Пошел козел по воду, по воду, по воду,
Разгладивши бороду, бороду, бороду.
Он ножкою топанул, топанул, топанул,
На козыньку морганул, морганул, морганул.
Коза сено хрупает, хрупает, хрупает,
А козел козу щупает, щупает, щупает.
 
   Неожиданно терем содрогнулся от хохота. Бояре да гости недоуменно переглядывались, всяк кивал на соседа.
   — Ну-ка, Волчок! — кликнул князь скорого отрока. — Что за шум? Уж не Муромец ли с заставы возвращается?
   — То Лешка, Поповский сын, бахвалится. Знает, хитрец, что в палате Серебряной он всегда верх возьмет, вот и ходит там, аки петух… — сказал дородный чернобородый вельможа.
   Был то княжий дядя по матери, сам, собственно, прозванный Краснобаем. Гости знали: неспроста занимал он почетное место по правую руку Владимира. Неспроста пристало к нему прозвище. Был еще жив Святослав, когда новгородцы стали требовать себе княжича — тут Малхович и надоумил. Просите, мол, Володимера, меньшого сына. Пока доверчивые словене сообразили, что к чему, он с племянником уже сидел в Новгороде и копил рать, привечая варяга да мурманина.

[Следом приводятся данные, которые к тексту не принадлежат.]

lemma B_diff_single:
  assumes "t \<in> B n h" and "i \<le> n" and "d \<le> Poly_Mapping.lookup t i"
  shows "t - Poly_Mapping.single i d \<in> B n (h - d)"
    and "t = (t - Poly_Mapping.single i d) + Poly_Mapping.single i d"
    and "d \<le> h"
proof -
  let ?u = "t - Poly_Mapping.single i d"
  show split: "t = ?u + Poly_Mapping.single i d"
    by (rule poly_mapping_eqI) (use assms in \<open>auto simp: lookup_add lookup_minus lookup_single when_def\<close>)
  have "Poly_Mapping.lookup t i \<le> (\<Sum>j\<le>n. Poly_Mapping.lookup t j)"
    using assms(2) by (intro member_le_sum) auto
  with assms show "d \<le> h"
    by (simp add: B_def)
  have "h = (\<Sum>j\<le>n. Poly_Mapping.lookup ?u j) + (\<Sum>j\<le>n. Poly_Mapping.lookup (Poly_Mapping.single i d) j)"
    using assms(1) by (subst (asm) split) (simp add: B_def lookup_add sum.distrib)
  moreover have "(\<Sum>j\<le>n. Poly_Mapping.lookup (Poly_Mapping.single i d) j) = d"
    using assms(2) by (simp add: lookup_single when_def)
  moreover have "Poly_Mapping.keys ?u \<subseteq> {0..n}"
    using assms(1) by (auto simp: B_def in_keys_iff lookup_minus)
  ultimately show "?u \<in> B n (h - d)"
    by (simp add: B_def)
qed

definition affine_exponent :: "nat \<Rightarrow> (nat \<Rightarrow>\<^sub>0 nat) \<Rightarrow> (nat \<Rightarrow>\<^sub>0 nat) \<Rightarrow> (nat \<Rightarrow>\<^sub>0 nat)" where
  "affine_exponent k v w = (\<Sum>_<k. v) + w"

lemma lookup_affine_exponent:
  "Poly_Mapping.lookup (affine_exponent k v w) i = k * Poly_Mapping.lookup v i + Poly_Mapping.lookup w i"
  unfolding affine_exponent_def lookup_add lookup_sum by simp

lemma bracket_eq_lookup:
  fixes H :: "'a::comm_semiring_1 mpoly"
  assumes "Poly_Mapping.keys t \<subseteq> {0..n}" and "Poly_Mapping.keys v \<subseteq> {0..n}"
    and "Poly_Mapping.keys w \<subseteq> {0..n}"
  shows "bracket n v w k H t = Poly_Mapping.lookup (monomial t * H) (affine_exponent k v w)"
proof -
  let ?N = "affine_exponent k v w"
  let ?u = "\<lambda>i. int k * int (Poly_Mapping.lookup v i) + int (Poly_Mapping.lookup w i) - int (Poly_Mapping.lookup t i)"
  have u_eq: "?u i = int (Poly_Mapping.lookup ?N i) - int (Poly_Mapping.lookup t i)" for i
    by (simp add: lookup_affine_exponent)
  have "?u i = 0" if "i > n" for i
  proof -
    have "i \<notin> Poly_Mapping.keys t" "i \<notin> Poly_Mapping.keys v" "i \<notin> Poly_Mapping.keys w"
      using assms that by auto
    then show ?thesis
      by (simp add: in_keys_iff)
  qed
  moreover have "(\<forall>i. 0 \<le> ?u i) \<longleftrightarrow> (\<forall>i. Poly_Mapping.lookup t i \<le> Poly_Mapping.lookup ?N i)"
    unfolding u_eq by simp
  ultimately have in_range: "((\<forall>i. 0 \<le> ?u i) \<and> (\<forall>i>n. ?u i = 0)) \<longleftrightarrow>
      (\<forall>i. Poly_Mapping.lookup t i \<le> Poly_Mapping.lookup ?N i)"
    by blast
  have "(\<lambda>i. nat (?u i)) = Poly_Mapping.lookup (?N - t)"
    unfolding u_eq by (simp add: fun_eq_iff lookup_minus nat_minus_as_int)
  then have "Abs_poly_mapping (\<lambda>i. nat (?u i)) = ?N - t"
    by (simp add: lookup_inverse)
  then show ?thesis
    unfolding bracket_def coeffZ_def in_range by (simp add: lookup_single_mult)
qed

lemma fermat_power_reduction:
  fixes F :: "'a::comm_ring_1 mpoly" and n d :: nat
  assumes "i \<le> n" and "0 < m"
  defines "G \<equiv> fermat n d :: 'a mpoly"
  shows "of_nat (d * m) * (monomial (u + Poly_Mapping.single i d) * (G ^ (m - 1) * F ^ (l + 1))) =
    euler_deriv i (monomial u * F * (G ^ m * F ^ l))
    - of_nat (Poly_Mapping.lookup u i) * (monomial u * F * (G ^ m * F ^ l))
    - of_nat (l + 1) * (monomial u * euler_deriv i F * (G ^ m * F ^ l))"
proof -
  let ?P = "monomial u * F ^ (l + 1) :: 'a mpoly"
  have "euler_deriv i (G ^ Suc (m - 1)) = of_nat m * G ^ (m - 1) * (of_nat d * xpow i d)"
    using assms by (simp only: euler_deriv_power euler_deriv_fermat G_def) simp
  then have euler_G: "euler_deriv i (G ^ m) = of_nat m * G ^ (m - 1) * (of_nat d * xpow i d)"
    using assms(2) by simp
  have "Poly_Mapping.single u (of_nat (Poly_Mapping.lookup u i)) =
      (of_nat (Poly_Mapping.lookup u i) * monomial u :: 'a mpoly)"
    by (simp add: of_nat_mult_single)
  then have euler_P: "euler_deriv i ?P =
      of_nat (Poly_Mapping.lookup u i) * ?P + monomial u * (of_nat (l + 1) * F ^ l * euler_deriv i F)"
    by (simp only: euler_deriv_single_mult euler_deriv_single Suc_eq_plus1[symmetric] euler_deriv_power)
      simp
  have "monomial (u + Poly_Mapping.single i d) = (monomial u * xpow i d :: 'a mpoly)"
    by (simp add: xpow_def mult_single)
  then have "of_nat (d * m) * (monomial (u + Poly_Mapping.single i d) * (G ^ (m - 1) * F ^ (l + 1))) =
      ?P * euler_deriv i (G ^ m)"
    by (simp add: euler_G algebra_simps)
  also have "\<dots> = euler_deriv i (?P * G ^ m) - euler_deriv i ?P * G ^ m"
    by (simp add: euler_deriv_mult)
  also have "\<dots> = euler_deriv i (monomial u * F * (G ^ m * F ^ l))
    - of_nat (Poly_Mapping.lookup u i) * (monomial u * F * (G ^ m * F ^ l))
    - of_nat (l + 1) * (monomial u * euler_deriv i F * (G ^ m * F ^ l))"
    unfolding euler_P by (simp add: algebra_simps)
  finally show ?thesis .
qed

   — А не слыхал ли, племянник, что давеча приключилось? — усмехнулся вельможа, и, не дожидаясь ответа, продолжил. — Ехал Алексей наш чащей. Смотрит — баба, голая и зеленая, на ветке сидит, качается. Ноги длинные, груди высокие, и остальное все при ней, словом.
   — Никак, лесунка! — брякнул Фарлаф.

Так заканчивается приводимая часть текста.